(Saved data entries)
definition even_meeting :: "'a set \<Rightarrow> ('a \<Rightarrow> 'a \<Rightarrow> bool) \<Rightarrow> 'a set \<Rightarrow> bool" where
  "even_meeting V H T \<longleftrightarrow> (\<forall>w\<in>V. even (card (nbhd V H w \<inter> T)))"

lemma not_N_AW_if_even_meeting_compl:
  assumes sg: "simple_graph V E" and l: "even l" "0 < l" and T: "T \<subseteq> V" "T \<noteq> {}"
    and "even (card T)" and meet: "even_meeting V (compl_graph V E) T"
  shows "\<not> N_AW V E l"
proof (rule not_N_AW_if_even_closed_nbhd_meets[OF sg l T], intro ballI)
  fix w assume w: "w \<in> V"
  let ?M = "nbhd V (compl_graph V E) w \<inter> T"
  have fin: "finite T"
    using T(1) sg by (auto simp: simple_graph_def intro: finite_subset)
  have "closed_nbhd V E w \<inter> T = T - ?M"
    using closed_nbhd_eq_Diff_compl[OF sg w] T(1) by blast
  then have "card (closed_nbhd V E w \<inter> T) = card T - card ?M"
    using fin by (simp add: card_Diff_subset)
  moreover have "card ?M \<le> card T" and "even (card ?M)"
    using fin w meet by (auto simp: even_meeting_def intro: card_mono)
  ultimately show "even (card (closed_nbhd V E w \<inter> T))"
    using \<open>even (card T)\<close> by auto
qed

lemma component_subset: "component V H v \<subseteq> V"
  by (auto simp: component_def)

lemma self_in_component: "v \<in> V \<Longrightarrow> v \<in> component V H v"
  by (simp add: component_def)

lemma nbhd_subset_component: "u \<in> component V H v \<Longrightarrow> nbhd V H u \<subseteq> component V H v"
  by (auto simp: component_def nbhd_def intro: rtranclp.rtrancl_into_rtrancl)

lemma component_subset_if_closed:
  assumes sg: "simple_graph V H" and v: "v \<in> X" and closed: "\<forall>u\<in>X. nbhd V H u \<subseteq> X"
  shows "component V H v \<subseteq> X"
proof
  fix w assume "w \<in> component V H v"
  then have "H\<^sup>*\<^sup>* v w"
    by (simp add: component_def)
  then show "w \<in> X"
  proof (induction rule: rtranclp_induct)
    case base
    then show ?case using v .
  next
    case (step y z)
    then show ?case
      using closed adj_iff_in_nbhd[OF sg, of y z] by blast
  qed
qed
text \<open>As long as the run from \<open>t\<close> keeps a nonempty stack, the run from \<open>t @ s\<close> is the
  same run on top of \<open>s\<close>. When the stack of the former is empty and a closer \<open>c\<close> arrives,
  the latter either fails at once or cancels \<open>c\<close> against the top of \<open>s\<close>, while the former
  continues above the inert letter \<open>c\<close>.\<close>
lemma foldl_step_None_append_stack:
  "foldl step (Some t) v = None \<Longrightarrow> foldl step (Some (t @ s)) v = None"
proof (induction v arbitrary: t s)
  case (Cons c v)
  show ?case
  proof (cases "t = []")
    case False
    then show ?thesis
      using Cons step_append_stack[OF False, of s c] by (cases "step (Some t) c") auto
  next
    case t: True
    then have run_c: "foldl step (Some [c]) v = None"
      using Cons.prems by simp
    show ?thesis
    proof (cases s)
      case (Cons a s')
      consider "is_open a" "is_close c" "matches a c" | "is_open a" "is_close c" "\<not> matches a c"
        | "\<not> (is_open a \<and> is_close c)"
        by blast
      then show ?thesis
      proof cases
        case 1
        then have "foldl step (Some []) v = None"
          using run_c foldl_step_append_closer[of c "[]" v] open_not_close by auto
        then have "foldl step (Some s') v = None"
          using Cons.IH[of "[]" s'] by simp
        then show ?thesis using 1 t Cons by simp
      next
        case 2
        then show ?thesis using t Cons by simp
      next
        case 3
        then show ?thesis using t Cons Cons.IH[OF run_c, of s] by auto
      qed
    qed (use Cons.prems t in simp)
  qed
qed simp

lemma red_None_factor:
  assumes "red v = None"
  shows "red (u @ v @ w) = None"
proof (cases "red u")
  case (Some s)
  have "foldl step (Some ([] @ s)) v = None"
    using assms foldl_step_None_append_stack[of "[]" v s] by (simp add: red_def)
  then show ?thesis
    using Some by (simp add: red_append)
qed (simp add: red_append)

text \<open>\<open>dyck_prefix v s\<close>: reading \<open>v\<close> never gives 0 or leaves an unmatched closer, and \<open>s\<close> lists
  the unmatched openers of \<open>v\<close>, innermost first.\<close>
inductive dyck_prefix :: "letter list \<Rightarrow> letter list \<Rightarrow> bool" where
  dyck_prefix_Nil: "dyck_prefix [] []"
| dyck_prefix_push: "dyck_prefix v s \<Longrightarrow> is_open a \<Longrightarrow> dyck_prefix (v @ [a]) (a # s)"
| dyck_prefix_pop: "dyck_prefix v (a # s) \<Longrightarrow> matches a b \<Longrightarrow> dyck_prefix (v @ [b]) s"

lemma dyck_prefix_run: "dyck_prefix v s \<Longrightarrow> foldl step (Some r) v = Some (s @ r)"
  by (induction rule: dyck_prefix.induct) (auto simp: step_open dest: matches_open_close)

lemma dyck_prefix_if_red:
  "red v = Some s \<Longrightarrow> \<forall>x\<in>set s. is_open x \<Longrightarrow> dyck_prefix v s"
proof (induction v arbitrary: s rule: rev_induct)
  case Nil
  then show ?case by (simp add: red_def dyck_prefix_Nil)
next
  case (snoc c v)
  obtain t where t: "red v = Some t"
    using snoc.prems(1) by (cases "red v") (auto simp: red_append)
  have s: "step (Some t) c = Some s"
    using snoc.prems(1) t by (simp add: red_append)
  show ?case
  proof (cases "t \<noteq> [] \<and> is_open (hd t) \<and> is_close c")
    case True
    then obtain a where "t = a # s" "matches a c" "is_open a"
      using s by (cases t) (auto split: if_splits)
    then show ?thesis
      using snoc t dyck_prefix_pop by auto
  next
    case False
    then have "s = c # t"
      using s by (cases t) auto
    then show ?thesis
      using snoc t dyck_prefix_push by auto
  qed
qed

lemma closer_persists:
  assumes "\<not> is_open c"
  shows "c \<in> set s \<Longrightarrow> foldl step (Some s) v = Some s' \<Longrightarrow> c \<in> set s'"
proof (induction v arbitrary: s)
  case (Cons d v)
  obtain s1 where s1: "step (Some s) d = Some s1"
    using Cons.prems(2) by (cases "step (Some s) d") auto
  have "c \<in> set s1"
    using Cons.prems(1) s1 assms by (cases s) (auto split: if_splits)
  then show ?case
    using Cons.IH Cons.prems(2) s1 by simp
qed simp

lemma dyck_prefix_if_red_append: "red (v @ z) = Some [] \<Longrightarrow> \<exists>s. dyck_prefix v s"
proof -
  assume vz: "red (v @ z) = Some []"
  then obtain s where s: "red v = Some s"
    by (cases "red v") (auto simp: red_append)
  have "is_open x" if "x \<in> set s" for x
    using closer_persists[of x s z "[]"] that vz s by (auto simp: red_append)
  then show ?thesis
    using dyck_prefix_if_red[OF s] by blast
qed

lemma dyck_prefix_split_bottom:
  "dyck_prefix v (t @ [a]) \<Longrightarrow>
     \<exists>u v'. v = u @ a # v' \<and> dyck_prefix u [] \<and> dyck_prefix v' t"
proof (induction v "t @ [a]" arbitrary: t rule: dyck_prefix.induct)
  case (dyck_prefix_push v s c)
  show ?case
  proof (cases t)
    case Nil
    then show ?thesis
      using dyck_prefix_push dyck_prefix_Nil by fastforce
  next
    case (Cons c' t')
    then obtain u v' where "v = u @ a # v'" "dyck_prefix u []" "dyck_prefix v' t'"
      using dyck_prefix_push by auto
    then show ?thesis
      using Cons dyck_prefix_push dyck_prefix.dyck_prefix_push[of v' t' c] by fastforce
  qed
next
  case (dyck_prefix_pop v c b)
  then obtain u v' where "v = u @ a # v'" "dyck_prefix u []" "dyck_prefix v' (c # t)"
    by fastforce
  then show ?case
    using dyck_prefix_pop dyck_prefix.dyck_prefix_pop[of v' c t b] by fastforce
qed simp

definition Dyck :: "nat \<Rightarrow> letter list set" where
  "Dyck M = {v. set v \<subseteq> Sigma1 M \<and> red v = Some []}"

definition bracket_pairs :: "nat \<Rightarrow> (letter \<times> letter) set" where
  "bracket_pairs M = (\<lambda>i. (Lam, Rho i)) ` {1..M} \<union> (\<lambda>i. (Xi, Eta i)) ` {1..M}"

definition prime_Dyck :: "nat \<Rightarrow> letter list set" where
  "prime_Dyck M = {a # v @ [b] | a b v. (a, b) \<in> bracket_pairs M \<and> v \<in> Dyck M}"

lemma bracket_pairs_iff:
  "(a, b) \<in> bracket_pairs M \<longleftrightarrow> a \<in> Sigma1 M \<and> b \<in> Sigma1 M \<and> matches a b"
  by (cases a; cases b) (auto simp: bracket_pairs_def Sigma1_def)

lemma card_bracket_pairs: "card (bracket_pairs M) = 2 * M"
proof -
  have "card (bracket_pairs M) = card ((\<lambda>i. (Lam, Rho i)) ` {1..M}) + card ((\<lambda>i. (Xi, Eta i)) ` {1..M})"
    unfolding bracket_pairs_def by (rule card_Un_disjoint) auto
  also have "\<dots> = M + M"
    by (simp add: card_image inj_on_def)
  finally show ?thesis by simp
qed

lemma foldl_step_if_red_one: "red v = Some [] \<Longrightarrow> foldl step (Some r) v = Some r"
  using dyck_prefix_if_red[of v "[]"] dyck_prefix_run by fastforce

lemma Nil_in_Dyck: "[] \<in> Dyck M"
  by (simp add: Dyck_def)

lemma Dyck_append: "u \<in> Dyck M \<Longrightarrow> v \<in> Dyck M \<Longrightarrow> u @ v \<in> Dyck M"
  by (simp add: Dyck_def red_append_one)

lemma prime_Dyck_subset_Dyck: "prime_Dyck M \<subseteq> Dyck M"
proof
  fix w assume "w \<in> prime_Dyck M"
  then obtain a b v where w: "w = a # v @ [b]" "(a, b) \<in> bracket_pairs M" "v \<in> Dyck M"
    unfolding prime_Dyck_def by blast
  then have "red w = step (Some [a]) b"
    using foldl_step_if_red_one[of v "[a]"] by (simp add: Dyck_def red_def)
  then show "w \<in> Dyck M"
    using w by (auto simp: Dyck_def bracket_pairs_iff dest: matches_open_close)
qed

lemma red_open_Cons_Dyck_prefix_ne_one:
  "red (v @ z) = Some [] \<Longrightarrow> is_open a \<Longrightarrow> red (a # v) \<noteq> Some []"
  using dyck_prefix_if_red_append dyck_prefix_run by (fastforce simp: red_def)

lemma prime_Dyck_no_Dyck_prefix:
  assumes "e \<in> prime_Dyck M" "e = x @ y" "x \<noteq> []" "y \<noteq> []"
  shows "red x \<noteq> Some []"
proof -
  obtain a b v where e: "e = a # v @ [b]" "(a, b) \<in> bracket_pairs M" "v \<in> Dyck M"
    using assms(1) unfolding prime_Dyck_def by blast
  obtain v' where x: "x = a # v'"
    using assms(2,3) e(1) by (cases x) auto
  have vb: "v @ [b] = v' @ y"
    using assms(2) e(1) x by simp
  then have "length v + 1 = length v' + length y"
    by (metis length_append length_append_singleton Suc_eq_plus1)
  then have "length v' \<le> length v"
    using assms(4) by (cases y) auto
  then have "v' = take (length v') v"
    using arg_cong[OF vb, of "take (length v')"] by simp
  then have "red (v' @ drop (length v') v) = Some []"
    using e(3) append_take_drop_id[of "length v'" v] by (simp add: Dyck_def)
  then show ?thesis
    using red_open_Cons_Dyck_prefix_ne_one e(2) x by (auto simp: bracket_pairs_iff dest: matches_open_close)
qed

lemma Dyck_last_prime_factor:
  assumes "w \<in> Dyck M" "w \<noteq> []"
  shows "\<exists>u e. w = u @ e \<and> u \<in> Dyck M \<and> e \<in> prime_Dyck M"
proof -
  have "dyck_prefix w []"
    using assms(1) dyck_prefix_if_red by (simp add: Dyck_def)
  then obtain a v b where v: "dyck_prefix v [a]" "w = v @ [b]" "matches a b"
    using assms(2) by (cases rule: dyck_prefix.cases) auto
  obtain u v' where u: "v = u @ a # v'" "dyck_prefix u []" "dyck_prefix v' []"
    using dyck_prefix_split_bottom[of v "[]" a] v(1) by auto
  have "u \<in> Dyck M" "v' \<in> Dyck M" "(a, b) \<in> bracket_pairs M"
    using assms(1) u v dyck_prefix_run[of _ "[]" "[]"]
    by (auto simp: Dyck_def bracket_pairs_iff red_def)
  moreover have "w = u @ (a # v' @ [b])"
    using u(1) v(2) by simp
  ultimately show ?thesis
    unfolding prime_Dyck_def by blast
qed

lemma inj_on_append_Dyck_prime_Dyck: "inj_on (\<lambda>(u, e). u @ e) (Dyck M \<times> prime_Dyck M)"
proof -
  have no_overlap: "x = []"
    if "u \<in> Dyck M" "u @ x \<in> Dyck M" "x @ e \<in> prime_Dyck M" "e \<in> prime_Dyck M" for u x e
  proof (rule ccontr)
    assume "x \<noteq> []"
    moreover have "red x = Some []"
      using that(1,2) by (simp add: Dyck_def red_def)
    moreover have "e \<noteq> []"
      using that(4) by (auto simp: prime_Dyck_def)
    ultimately show False
      using prime_Dyck_no_Dyck_prefix[OF that(3)] by blast
  qed
  show ?thesis
  proof (rule inj_onI, clarify)
    fix u e u' e'
    assume "u \<in> Dyck M" "e \<in> prime_Dyck M" "u' \<in> Dyck M" "e' \<in> prime_Dyck M" "u @ e = u' @ e'"
    moreover obtain x where "u = u' @ x \<and> x @ e = e' \<or> u @ x = u' \<and> e = x @ e'"
      using \<open>u @ e = u' @ e'\<close> by (auto simp: append_eq_append_conv2)
    ultimately show "u = u' \<and> e = e'"
      using no_overlap[of u' x e] no_overlap[of u x e'] by auto
  qed
qed

lemma Dyck_factorization:
  "Dyck M - {[]} = {u @ e | u e. u \<in> Dyck M \<and> e \<in> prime_Dyck M}"
proof
  show "Dyck M - {[]} \<subseteq> {u @ e | u e. u \<in> Dyck M \<and> e \<in> prime_Dyck M}"
    using Dyck_last_prime_factor by blast
  have "[] \<notin> prime_Dyck M"
    by (auto simp: prime_Dyck_def)
  then show "{u @ e | u e. u \<in> Dyck M \<and> e \<in> prime_Dyck M} \<subseteq> Dyck M - {[]}"
    using prime_Dyck_subset_Dyck Dyck_append by blast
qed

lemma nth_concat_replicate:
  "k < K * length w \<Longrightarrow> concat (replicate K w) ! k = w ! (k mod length w)"
proof (induction K arbitrary: k)
  case (Suc K)
  then show ?case
    by (cases "k < length w") (auto simp: nth_append le_mod_geq)
qed simp

lemma red_concat_replicate: "red w = Some [] \<Longrightarrow> red (concat (replicate K w)) = Some []"
  by (induction K) (simp_all add: red_append_one)

lemma periodic_segment_factor:
  assumes "w \<noteq> []"
  shows "\<exists>K u v. concat (replicate K w) = u @ map (\<lambda>k. w ! nat (k mod int (length w))) [i..j] @ v"
proof -
  define n where "n = length w"
  define r where "r = nat (i mod int n)"
  define L where "L = nat (j - i + 1)"
  define K where "K = (r + L) div n + 1"
  define W where "W = concat (replicate K w)"
  have n: "n > 0"
    using assms by (simp add: n_def)
  have "r + L < (r + L) div n * n + n"
    using mod_less_divisor[OF n, of "r + L"] div_mult_mod_eq[of "r + L" n] by linarith
  then have len: "r + L \<le> K * n"
    by (simp add: K_def)
  have lenW: "length W = K * n"
    by (simp add: W_def n_def length_concat sum_list_replicate)
  have ir: "int r = i mod int n"
    using n by (simp add: r_def)
  have "map (\<lambda>k. w ! nat (k mod int n)) [i..j] = take L (drop r W)"
  proof (rule nth_equalityI)
    fix k assume "k < length (map (\<lambda>k. w ! nat (k mod int n)) [i..j])"
    then have k: "k < L"
      by (simp add: L_def)
    have "(i + int k) mod int n = int ((r + k) mod n)"
      by (simp add: ir of_nat_mod mod_add_left_eq)
    then have "map (\<lambda>k. w ! nat (k mod int n)) [i..j] ! k = w ! ((r + k) mod n)"
      using k by (simp add: L_def)
    also have "\<dots> = W ! (r + k)"
      using k len by (simp add: W_def n_def nth_concat_replicate)
    also have "\<dots> = take L (drop r W) ! k"
      using k len lenW by (simp add: nth_drop)
    finally show "map (\<lambda>k. w ! nat (k mod int n)) [i..j] ! k = take L (drop r W) ! k" .
  qed (use len lenW in \<open>simp add: L_def\<close>)
  moreover have "W = take r W @ take L (drop r W) @ drop L (drop r W)"
    by (simp only: append_take_drop_id)
  ultimately show ?thesis
    unfolding W_def n_def by metis
qed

TASK BRIEF — Your reply is to repeat, unchanged, the lines above running from the one with "define L where" up to and including the one with "using mod_less_divisor[OF n, of".

ANSWER AREA —
  define L where "L = nat (j - i + 1)"
  define K where "K = (r + L) div n + 1"
  define W where "W = concat (replicate K w)"
  have n: "n > 0"
    using assms by (simp add: n_def)
  have "r + L < (r + L) div n * n + n"
    using mod_less_divisor[OF n, of "r + L"] div_mult_mod_eq[of "r + L" n] by linarith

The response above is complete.